[EXERCISE PROMPT] From the entries below, reproduce exactly the line containing "x x \<subseteq>", the line containing "- y \<in> P2", and every line in between, with nothing added.

[DATA FOR ANALYSIS]
========
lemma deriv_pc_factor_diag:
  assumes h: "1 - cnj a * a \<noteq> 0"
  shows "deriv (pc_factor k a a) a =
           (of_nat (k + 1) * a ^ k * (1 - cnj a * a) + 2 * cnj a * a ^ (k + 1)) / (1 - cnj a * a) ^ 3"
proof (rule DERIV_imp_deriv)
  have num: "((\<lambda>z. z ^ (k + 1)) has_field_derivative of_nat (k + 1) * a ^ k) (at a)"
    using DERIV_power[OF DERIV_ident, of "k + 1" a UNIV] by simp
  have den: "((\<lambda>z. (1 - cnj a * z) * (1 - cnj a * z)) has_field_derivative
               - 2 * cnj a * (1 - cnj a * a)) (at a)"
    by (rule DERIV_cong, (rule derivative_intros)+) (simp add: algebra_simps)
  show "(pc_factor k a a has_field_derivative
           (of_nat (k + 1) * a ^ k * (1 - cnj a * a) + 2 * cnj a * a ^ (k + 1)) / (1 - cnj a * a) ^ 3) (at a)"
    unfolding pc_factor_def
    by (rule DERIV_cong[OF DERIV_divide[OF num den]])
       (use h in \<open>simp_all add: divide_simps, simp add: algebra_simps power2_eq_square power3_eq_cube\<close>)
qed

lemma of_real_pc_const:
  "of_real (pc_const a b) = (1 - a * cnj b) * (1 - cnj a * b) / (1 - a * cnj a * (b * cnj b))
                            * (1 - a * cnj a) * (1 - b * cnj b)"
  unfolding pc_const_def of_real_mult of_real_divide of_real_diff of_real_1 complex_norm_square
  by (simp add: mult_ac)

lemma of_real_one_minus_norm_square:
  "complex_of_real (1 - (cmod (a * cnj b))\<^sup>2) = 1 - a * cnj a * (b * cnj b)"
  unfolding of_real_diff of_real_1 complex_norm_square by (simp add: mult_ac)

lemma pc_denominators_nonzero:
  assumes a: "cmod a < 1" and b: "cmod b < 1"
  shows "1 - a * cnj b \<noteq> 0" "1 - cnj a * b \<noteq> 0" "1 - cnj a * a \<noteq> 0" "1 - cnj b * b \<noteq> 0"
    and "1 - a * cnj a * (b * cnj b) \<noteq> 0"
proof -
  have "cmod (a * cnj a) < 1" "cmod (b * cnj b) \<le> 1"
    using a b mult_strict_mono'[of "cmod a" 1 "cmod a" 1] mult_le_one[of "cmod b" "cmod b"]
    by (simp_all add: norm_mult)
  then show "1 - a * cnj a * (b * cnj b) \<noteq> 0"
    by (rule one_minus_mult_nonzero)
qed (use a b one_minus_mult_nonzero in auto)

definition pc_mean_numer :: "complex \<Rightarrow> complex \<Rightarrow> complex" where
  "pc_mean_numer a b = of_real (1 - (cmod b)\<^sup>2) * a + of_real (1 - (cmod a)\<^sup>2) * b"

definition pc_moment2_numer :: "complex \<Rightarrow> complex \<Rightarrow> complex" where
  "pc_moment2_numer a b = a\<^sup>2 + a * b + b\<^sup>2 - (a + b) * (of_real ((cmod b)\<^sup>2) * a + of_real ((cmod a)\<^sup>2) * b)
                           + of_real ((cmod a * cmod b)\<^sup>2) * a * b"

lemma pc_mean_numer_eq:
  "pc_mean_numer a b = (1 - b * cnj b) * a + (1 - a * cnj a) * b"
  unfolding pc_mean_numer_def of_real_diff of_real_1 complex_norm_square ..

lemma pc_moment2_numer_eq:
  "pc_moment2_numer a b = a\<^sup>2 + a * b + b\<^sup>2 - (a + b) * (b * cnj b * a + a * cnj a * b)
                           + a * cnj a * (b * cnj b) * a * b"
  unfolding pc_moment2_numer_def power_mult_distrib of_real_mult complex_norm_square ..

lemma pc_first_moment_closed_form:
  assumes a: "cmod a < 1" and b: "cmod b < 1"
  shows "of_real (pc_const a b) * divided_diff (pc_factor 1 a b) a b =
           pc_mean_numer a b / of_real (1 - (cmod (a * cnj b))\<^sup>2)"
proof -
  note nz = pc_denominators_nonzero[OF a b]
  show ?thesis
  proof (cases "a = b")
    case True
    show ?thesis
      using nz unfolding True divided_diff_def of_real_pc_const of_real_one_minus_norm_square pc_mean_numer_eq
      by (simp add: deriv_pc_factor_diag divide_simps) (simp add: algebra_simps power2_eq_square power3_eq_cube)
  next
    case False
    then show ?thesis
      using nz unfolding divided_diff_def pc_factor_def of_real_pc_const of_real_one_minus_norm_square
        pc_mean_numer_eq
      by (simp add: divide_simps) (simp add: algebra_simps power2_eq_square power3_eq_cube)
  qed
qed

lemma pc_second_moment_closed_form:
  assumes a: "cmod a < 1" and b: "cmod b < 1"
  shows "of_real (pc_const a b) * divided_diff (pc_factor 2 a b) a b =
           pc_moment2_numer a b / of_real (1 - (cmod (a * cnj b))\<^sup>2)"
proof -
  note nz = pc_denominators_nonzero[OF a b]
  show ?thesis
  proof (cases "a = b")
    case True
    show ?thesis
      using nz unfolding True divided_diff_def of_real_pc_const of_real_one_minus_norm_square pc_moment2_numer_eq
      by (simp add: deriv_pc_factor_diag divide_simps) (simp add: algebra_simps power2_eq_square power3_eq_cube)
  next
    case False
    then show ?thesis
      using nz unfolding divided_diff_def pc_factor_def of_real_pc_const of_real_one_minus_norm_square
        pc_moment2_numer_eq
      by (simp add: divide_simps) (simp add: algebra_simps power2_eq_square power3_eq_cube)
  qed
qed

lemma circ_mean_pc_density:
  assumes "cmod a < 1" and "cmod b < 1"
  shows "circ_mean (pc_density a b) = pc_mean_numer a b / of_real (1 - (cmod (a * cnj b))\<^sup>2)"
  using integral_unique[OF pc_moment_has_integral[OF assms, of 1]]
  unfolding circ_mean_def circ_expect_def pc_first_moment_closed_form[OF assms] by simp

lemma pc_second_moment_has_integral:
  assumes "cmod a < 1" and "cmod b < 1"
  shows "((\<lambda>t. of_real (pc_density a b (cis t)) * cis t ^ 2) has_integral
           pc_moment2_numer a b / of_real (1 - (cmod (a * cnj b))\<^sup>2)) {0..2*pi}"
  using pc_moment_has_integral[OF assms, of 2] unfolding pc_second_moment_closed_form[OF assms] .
========
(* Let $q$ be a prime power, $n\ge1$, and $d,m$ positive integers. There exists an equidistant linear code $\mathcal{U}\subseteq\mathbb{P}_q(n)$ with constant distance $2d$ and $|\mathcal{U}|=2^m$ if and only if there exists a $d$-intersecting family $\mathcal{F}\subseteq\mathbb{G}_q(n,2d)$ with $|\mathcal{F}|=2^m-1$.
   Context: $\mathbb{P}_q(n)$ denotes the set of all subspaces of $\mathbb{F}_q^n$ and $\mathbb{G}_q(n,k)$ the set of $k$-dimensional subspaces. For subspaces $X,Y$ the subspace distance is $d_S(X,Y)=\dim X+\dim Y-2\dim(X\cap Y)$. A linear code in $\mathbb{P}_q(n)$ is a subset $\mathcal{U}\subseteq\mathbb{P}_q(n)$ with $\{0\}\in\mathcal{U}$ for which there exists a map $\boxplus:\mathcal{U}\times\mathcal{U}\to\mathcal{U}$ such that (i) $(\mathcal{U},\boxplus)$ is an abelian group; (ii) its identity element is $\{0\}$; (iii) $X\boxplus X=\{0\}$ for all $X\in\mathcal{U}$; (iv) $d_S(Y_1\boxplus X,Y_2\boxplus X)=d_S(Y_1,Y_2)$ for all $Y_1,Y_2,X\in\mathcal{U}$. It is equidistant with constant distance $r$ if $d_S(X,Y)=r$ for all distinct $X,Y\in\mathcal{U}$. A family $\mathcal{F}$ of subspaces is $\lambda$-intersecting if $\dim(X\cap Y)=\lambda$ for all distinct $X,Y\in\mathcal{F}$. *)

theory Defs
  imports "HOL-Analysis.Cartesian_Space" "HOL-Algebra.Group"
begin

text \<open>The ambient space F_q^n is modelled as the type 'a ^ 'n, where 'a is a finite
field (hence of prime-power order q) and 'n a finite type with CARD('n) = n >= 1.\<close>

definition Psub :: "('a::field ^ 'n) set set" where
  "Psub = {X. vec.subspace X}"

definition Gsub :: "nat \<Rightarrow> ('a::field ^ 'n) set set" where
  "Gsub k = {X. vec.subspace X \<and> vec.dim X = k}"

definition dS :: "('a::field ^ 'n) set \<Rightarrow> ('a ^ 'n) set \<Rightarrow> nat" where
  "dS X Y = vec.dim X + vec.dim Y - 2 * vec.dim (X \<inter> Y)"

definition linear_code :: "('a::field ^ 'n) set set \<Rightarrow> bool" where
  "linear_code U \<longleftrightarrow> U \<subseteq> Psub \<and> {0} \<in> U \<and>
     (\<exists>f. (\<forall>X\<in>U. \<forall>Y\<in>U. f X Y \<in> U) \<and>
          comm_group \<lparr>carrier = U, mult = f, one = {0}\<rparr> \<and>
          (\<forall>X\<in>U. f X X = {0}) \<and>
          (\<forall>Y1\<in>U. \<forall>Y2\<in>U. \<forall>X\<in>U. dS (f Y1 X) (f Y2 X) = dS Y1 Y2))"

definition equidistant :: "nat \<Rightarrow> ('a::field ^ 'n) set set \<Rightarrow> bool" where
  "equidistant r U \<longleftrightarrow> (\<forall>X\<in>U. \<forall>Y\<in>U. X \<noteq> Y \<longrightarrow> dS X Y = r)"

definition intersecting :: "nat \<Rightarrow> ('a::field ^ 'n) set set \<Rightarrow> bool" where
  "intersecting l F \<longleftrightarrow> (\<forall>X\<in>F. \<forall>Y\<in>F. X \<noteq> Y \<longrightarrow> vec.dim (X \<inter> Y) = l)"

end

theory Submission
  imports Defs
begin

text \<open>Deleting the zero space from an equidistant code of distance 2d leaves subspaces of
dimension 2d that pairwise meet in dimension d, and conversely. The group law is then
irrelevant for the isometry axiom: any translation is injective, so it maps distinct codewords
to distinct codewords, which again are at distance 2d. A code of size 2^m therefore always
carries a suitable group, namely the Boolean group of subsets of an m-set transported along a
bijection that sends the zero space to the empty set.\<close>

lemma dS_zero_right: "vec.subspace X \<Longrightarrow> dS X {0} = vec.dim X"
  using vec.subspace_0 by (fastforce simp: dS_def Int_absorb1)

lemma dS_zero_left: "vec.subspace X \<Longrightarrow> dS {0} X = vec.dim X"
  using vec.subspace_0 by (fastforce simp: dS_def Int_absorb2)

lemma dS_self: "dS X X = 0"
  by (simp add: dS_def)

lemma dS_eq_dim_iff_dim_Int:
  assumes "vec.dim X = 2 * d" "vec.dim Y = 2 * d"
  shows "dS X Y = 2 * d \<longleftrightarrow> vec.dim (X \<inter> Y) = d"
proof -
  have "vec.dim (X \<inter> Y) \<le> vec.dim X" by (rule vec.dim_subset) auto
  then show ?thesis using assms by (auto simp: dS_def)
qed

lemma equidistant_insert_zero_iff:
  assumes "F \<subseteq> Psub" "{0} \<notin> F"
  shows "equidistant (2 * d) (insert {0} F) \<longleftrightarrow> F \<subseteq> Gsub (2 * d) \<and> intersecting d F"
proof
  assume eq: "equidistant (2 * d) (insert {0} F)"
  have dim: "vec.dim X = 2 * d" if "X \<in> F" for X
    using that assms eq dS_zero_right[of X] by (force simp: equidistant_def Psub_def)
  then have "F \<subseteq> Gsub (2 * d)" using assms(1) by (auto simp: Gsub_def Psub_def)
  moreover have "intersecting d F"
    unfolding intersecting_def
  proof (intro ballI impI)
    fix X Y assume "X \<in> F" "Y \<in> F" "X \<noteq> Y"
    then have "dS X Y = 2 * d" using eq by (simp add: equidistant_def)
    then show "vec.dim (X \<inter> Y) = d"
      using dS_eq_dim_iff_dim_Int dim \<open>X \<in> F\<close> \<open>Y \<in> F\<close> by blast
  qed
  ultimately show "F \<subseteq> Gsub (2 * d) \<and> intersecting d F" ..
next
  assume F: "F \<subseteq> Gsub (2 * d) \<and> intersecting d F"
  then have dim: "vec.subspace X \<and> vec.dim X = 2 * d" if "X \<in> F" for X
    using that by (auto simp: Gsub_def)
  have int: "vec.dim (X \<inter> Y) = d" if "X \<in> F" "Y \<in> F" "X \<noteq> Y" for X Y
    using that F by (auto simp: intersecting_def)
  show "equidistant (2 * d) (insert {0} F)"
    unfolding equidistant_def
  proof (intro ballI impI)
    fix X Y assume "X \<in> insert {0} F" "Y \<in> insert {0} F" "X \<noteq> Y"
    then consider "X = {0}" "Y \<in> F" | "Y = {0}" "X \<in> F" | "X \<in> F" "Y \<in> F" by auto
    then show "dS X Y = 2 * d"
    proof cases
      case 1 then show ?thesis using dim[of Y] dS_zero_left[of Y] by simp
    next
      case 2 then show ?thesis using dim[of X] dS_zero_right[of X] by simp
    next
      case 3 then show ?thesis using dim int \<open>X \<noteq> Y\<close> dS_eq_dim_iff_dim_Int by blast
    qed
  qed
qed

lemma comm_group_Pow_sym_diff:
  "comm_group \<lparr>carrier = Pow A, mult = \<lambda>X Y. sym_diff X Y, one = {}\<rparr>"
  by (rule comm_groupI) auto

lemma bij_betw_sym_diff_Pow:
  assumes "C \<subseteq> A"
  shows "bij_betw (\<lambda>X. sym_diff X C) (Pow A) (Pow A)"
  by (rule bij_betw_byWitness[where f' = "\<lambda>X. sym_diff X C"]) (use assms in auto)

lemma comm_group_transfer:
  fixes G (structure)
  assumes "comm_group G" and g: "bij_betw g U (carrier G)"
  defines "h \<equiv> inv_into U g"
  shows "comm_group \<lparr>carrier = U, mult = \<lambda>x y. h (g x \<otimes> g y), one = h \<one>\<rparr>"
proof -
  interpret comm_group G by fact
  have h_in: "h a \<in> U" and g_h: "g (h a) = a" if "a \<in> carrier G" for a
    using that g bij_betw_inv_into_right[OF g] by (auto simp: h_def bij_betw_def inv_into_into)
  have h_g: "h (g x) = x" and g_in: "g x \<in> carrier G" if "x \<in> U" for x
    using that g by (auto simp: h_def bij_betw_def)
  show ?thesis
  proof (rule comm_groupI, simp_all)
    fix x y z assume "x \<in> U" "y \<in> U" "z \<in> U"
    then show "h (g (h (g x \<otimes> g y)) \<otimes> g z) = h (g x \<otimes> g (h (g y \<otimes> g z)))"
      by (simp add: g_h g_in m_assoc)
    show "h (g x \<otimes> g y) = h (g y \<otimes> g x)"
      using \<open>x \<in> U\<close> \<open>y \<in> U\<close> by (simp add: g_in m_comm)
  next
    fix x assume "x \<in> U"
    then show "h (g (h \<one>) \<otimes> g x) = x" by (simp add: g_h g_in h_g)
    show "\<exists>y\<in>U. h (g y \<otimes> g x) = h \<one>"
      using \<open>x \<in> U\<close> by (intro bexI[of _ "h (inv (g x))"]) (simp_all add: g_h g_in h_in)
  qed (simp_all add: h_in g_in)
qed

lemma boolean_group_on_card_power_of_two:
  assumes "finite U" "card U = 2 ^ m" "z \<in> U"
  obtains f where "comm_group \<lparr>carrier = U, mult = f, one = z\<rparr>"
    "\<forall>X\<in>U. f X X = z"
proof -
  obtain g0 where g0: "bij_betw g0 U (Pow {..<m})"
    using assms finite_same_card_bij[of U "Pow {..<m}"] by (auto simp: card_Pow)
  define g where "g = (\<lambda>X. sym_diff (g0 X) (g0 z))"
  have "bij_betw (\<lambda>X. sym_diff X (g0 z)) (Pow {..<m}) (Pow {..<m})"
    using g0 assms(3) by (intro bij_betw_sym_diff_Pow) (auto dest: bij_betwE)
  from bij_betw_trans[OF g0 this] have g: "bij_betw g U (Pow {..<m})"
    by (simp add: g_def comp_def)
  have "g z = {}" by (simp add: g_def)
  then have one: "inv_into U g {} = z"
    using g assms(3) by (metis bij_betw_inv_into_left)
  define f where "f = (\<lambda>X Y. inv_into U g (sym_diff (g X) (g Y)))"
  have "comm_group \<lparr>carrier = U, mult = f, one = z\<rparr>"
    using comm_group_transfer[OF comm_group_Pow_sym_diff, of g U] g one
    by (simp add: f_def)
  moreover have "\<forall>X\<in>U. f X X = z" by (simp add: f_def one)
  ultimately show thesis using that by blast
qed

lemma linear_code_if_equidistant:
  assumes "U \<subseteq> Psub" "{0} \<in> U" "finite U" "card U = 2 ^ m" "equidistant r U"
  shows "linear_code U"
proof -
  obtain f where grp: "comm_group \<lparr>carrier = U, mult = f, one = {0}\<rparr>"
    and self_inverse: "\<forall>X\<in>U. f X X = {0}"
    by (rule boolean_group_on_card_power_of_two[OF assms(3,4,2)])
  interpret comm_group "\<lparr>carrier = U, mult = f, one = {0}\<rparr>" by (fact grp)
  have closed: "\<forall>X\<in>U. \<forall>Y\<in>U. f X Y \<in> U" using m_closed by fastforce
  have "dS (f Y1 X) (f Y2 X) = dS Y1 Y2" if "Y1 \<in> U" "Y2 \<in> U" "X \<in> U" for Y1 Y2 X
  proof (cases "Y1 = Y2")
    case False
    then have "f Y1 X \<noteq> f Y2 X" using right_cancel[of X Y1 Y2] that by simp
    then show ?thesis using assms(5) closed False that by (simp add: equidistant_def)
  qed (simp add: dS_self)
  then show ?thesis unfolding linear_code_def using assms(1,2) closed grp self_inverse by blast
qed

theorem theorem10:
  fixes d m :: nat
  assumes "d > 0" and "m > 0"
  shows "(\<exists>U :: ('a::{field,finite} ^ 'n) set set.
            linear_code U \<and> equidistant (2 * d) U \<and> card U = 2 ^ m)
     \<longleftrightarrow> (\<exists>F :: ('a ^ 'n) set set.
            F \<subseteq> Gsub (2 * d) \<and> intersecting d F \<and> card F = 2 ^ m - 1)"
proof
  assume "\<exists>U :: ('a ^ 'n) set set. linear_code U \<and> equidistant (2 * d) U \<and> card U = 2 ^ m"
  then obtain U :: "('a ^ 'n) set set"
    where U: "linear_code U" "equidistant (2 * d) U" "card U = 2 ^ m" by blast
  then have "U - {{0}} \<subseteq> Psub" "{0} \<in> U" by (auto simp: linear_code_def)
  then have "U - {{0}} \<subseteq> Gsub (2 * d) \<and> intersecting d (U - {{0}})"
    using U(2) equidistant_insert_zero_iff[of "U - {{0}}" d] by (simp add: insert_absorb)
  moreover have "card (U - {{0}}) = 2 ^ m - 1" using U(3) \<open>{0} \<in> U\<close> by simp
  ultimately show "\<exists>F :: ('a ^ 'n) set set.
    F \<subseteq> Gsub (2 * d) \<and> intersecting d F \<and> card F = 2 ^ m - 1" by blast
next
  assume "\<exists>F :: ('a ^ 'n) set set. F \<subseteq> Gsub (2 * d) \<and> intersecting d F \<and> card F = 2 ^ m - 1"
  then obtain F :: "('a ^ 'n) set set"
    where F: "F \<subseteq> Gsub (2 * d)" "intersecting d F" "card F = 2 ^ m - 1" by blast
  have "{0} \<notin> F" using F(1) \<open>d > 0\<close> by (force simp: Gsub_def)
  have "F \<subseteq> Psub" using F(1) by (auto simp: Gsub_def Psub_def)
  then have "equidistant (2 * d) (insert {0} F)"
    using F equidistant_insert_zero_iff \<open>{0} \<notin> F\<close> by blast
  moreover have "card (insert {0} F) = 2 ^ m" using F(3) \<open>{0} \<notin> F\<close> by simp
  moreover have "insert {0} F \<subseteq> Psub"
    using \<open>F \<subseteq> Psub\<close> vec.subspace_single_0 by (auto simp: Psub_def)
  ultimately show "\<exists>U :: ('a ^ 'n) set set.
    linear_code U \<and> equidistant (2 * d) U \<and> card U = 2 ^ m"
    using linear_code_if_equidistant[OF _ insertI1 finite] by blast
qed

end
========
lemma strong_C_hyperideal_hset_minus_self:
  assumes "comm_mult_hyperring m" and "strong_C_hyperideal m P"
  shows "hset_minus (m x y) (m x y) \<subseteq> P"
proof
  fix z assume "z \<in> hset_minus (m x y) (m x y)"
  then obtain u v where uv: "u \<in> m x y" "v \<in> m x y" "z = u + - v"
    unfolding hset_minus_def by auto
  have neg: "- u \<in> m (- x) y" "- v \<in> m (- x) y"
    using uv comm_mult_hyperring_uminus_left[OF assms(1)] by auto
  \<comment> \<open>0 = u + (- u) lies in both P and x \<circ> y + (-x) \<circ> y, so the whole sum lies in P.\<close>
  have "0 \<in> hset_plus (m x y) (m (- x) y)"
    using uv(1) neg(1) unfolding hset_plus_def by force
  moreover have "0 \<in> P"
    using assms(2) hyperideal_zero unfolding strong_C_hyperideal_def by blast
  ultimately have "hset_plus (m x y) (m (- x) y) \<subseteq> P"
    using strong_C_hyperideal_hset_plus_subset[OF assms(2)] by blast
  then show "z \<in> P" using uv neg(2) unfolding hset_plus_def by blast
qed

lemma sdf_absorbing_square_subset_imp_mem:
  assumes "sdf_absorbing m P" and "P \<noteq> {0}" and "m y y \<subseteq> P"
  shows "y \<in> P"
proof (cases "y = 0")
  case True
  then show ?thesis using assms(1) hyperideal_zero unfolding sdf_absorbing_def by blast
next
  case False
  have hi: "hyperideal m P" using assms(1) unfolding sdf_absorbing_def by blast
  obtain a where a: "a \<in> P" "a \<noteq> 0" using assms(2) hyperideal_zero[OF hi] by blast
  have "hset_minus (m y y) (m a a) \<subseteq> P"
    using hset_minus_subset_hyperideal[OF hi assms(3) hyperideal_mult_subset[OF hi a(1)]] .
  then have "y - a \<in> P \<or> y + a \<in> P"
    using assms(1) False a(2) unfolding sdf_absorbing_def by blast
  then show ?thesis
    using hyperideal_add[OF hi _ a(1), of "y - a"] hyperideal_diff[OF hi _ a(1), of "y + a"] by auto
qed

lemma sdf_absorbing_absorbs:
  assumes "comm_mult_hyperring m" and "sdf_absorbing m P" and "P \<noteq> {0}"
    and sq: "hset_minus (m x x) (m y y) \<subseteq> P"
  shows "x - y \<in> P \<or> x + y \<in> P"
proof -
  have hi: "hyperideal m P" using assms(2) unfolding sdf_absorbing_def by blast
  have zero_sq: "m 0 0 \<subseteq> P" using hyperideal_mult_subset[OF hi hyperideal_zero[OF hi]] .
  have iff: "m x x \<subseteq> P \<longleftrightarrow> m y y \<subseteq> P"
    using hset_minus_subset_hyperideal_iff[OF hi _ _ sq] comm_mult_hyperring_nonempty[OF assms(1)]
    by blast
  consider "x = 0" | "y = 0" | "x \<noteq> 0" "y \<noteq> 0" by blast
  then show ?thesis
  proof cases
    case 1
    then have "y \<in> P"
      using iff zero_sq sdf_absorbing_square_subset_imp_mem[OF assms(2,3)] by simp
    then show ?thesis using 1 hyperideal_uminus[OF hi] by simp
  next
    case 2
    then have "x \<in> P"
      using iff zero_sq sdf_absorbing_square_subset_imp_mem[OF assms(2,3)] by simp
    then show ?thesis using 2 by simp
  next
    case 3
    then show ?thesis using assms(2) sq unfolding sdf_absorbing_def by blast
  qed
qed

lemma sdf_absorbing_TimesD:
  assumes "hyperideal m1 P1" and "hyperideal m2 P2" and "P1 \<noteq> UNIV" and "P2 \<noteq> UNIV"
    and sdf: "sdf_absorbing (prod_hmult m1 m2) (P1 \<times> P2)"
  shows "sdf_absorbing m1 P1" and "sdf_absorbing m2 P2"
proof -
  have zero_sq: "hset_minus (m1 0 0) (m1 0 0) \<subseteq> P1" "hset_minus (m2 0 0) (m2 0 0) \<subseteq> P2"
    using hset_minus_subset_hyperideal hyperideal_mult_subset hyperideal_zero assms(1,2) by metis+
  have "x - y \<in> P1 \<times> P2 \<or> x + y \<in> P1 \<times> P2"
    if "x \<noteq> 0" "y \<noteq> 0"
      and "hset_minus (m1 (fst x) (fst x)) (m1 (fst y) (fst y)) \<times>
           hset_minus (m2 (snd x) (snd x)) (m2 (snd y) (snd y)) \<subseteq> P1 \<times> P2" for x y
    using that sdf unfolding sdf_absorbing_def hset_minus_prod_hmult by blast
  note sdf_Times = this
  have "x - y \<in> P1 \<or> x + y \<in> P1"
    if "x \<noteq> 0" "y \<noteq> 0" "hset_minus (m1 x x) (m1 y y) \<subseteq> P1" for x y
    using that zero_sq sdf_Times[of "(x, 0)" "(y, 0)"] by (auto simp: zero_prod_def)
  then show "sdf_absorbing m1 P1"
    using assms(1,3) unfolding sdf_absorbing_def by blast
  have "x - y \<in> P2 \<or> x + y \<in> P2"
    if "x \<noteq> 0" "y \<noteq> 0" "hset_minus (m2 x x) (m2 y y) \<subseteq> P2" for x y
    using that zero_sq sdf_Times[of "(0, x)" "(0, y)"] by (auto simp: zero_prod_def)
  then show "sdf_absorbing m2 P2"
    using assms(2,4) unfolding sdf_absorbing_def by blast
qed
========
[ANSWER SECTION]
  have iff: "m x x \<subseteq> P \<longleftrightarrow> m y y \<subseteq> P"
    using hset_minus_subset_hyperideal_iff[OF hi _ _ sq] comm_mult_hyperring_nonempty[OF assms(1)]
    by blast
  consider "x = 0" | "y = 0" | "x \<noteq> 0" "y \<noteq> 0" by blast
  then show ?thesis
  proof cases
    case 1
    then have "y \<in> P"
      using iff zero_sq sdf_absorbing_square_subset_imp_mem[OF assms(2,3)] by simp
    then show ?thesis using 1 hyperideal_uminus[OF hi] by simp
  next
    case 2
    then have "x \<in> P"
      using iff zero_sq sdf_absorbing_square_subset_imp_mem[OF assms(2,3)] by simp
    then show ?thesis using 2 by simp
  next
    case 3
    then show ?thesis using assms(2) sq unfolding sdf_absorbing_def by blast
  qed
qed

lemma sdf_absorbing_TimesD:
  assumes "hyperideal m1 P1" and "hyperideal m2 P2" and "P1 \<noteq> UNIV" and "P2 \<noteq> UNIV"
    and sdf: "sdf_absorbing (prod_hmult m1 m2) (P1 \<times> P2)"
  shows "sdf_absorbing m1 P1" and "sdf_absorbing m2 P2"
proof -
  have zero_sq: "hset_minus (m1 0 0) (m1 0 0) \<subseteq> P1" "hset_minus (m2 0 0) (m2 0 0) \<subseteq> P2"
    using hset_minus_subset_hyperideal hyperideal_mult_subset hyperideal_zero assms(1,2) by metis+
  have "x - y \<in> P1 \<times> P2 \<or> x + y \<in> P1 \<times> P2"
    if "x \<noteq> 0" "y \<noteq> 0"
      and "hset_minus (m1 (fst x) (fst x)) (m1 (fst y) (fst y)) \<times>
           hset_minus (m2 (snd x) (snd x)) (m2 (snd y) (snd y)) \<subseteq> P1 \<times> P2" for x y
    using that sdf unfolding sdf_absorbing_def hset_minus_prod_hmult by blast
  note sdf_Times = this
  have "x - y \<in> P1 \<or> x + y \<in> P1"
    if "x \<noteq> 0" "y \<noteq> 0" "hset_minus (m1 x x) (m1 y y) \<subseteq> P1" for x y
    using that zero_sq sdf_Times[of "(x, 0)" "(y, 0)"] by (auto simp: zero_prod_def)
  then show "sdf_absorbing m1 P1"
    using assms(1,3) unfolding sdf_absorbing_def by blast
  have "x - y \<in> P2 \<or> x + y \<in> P2"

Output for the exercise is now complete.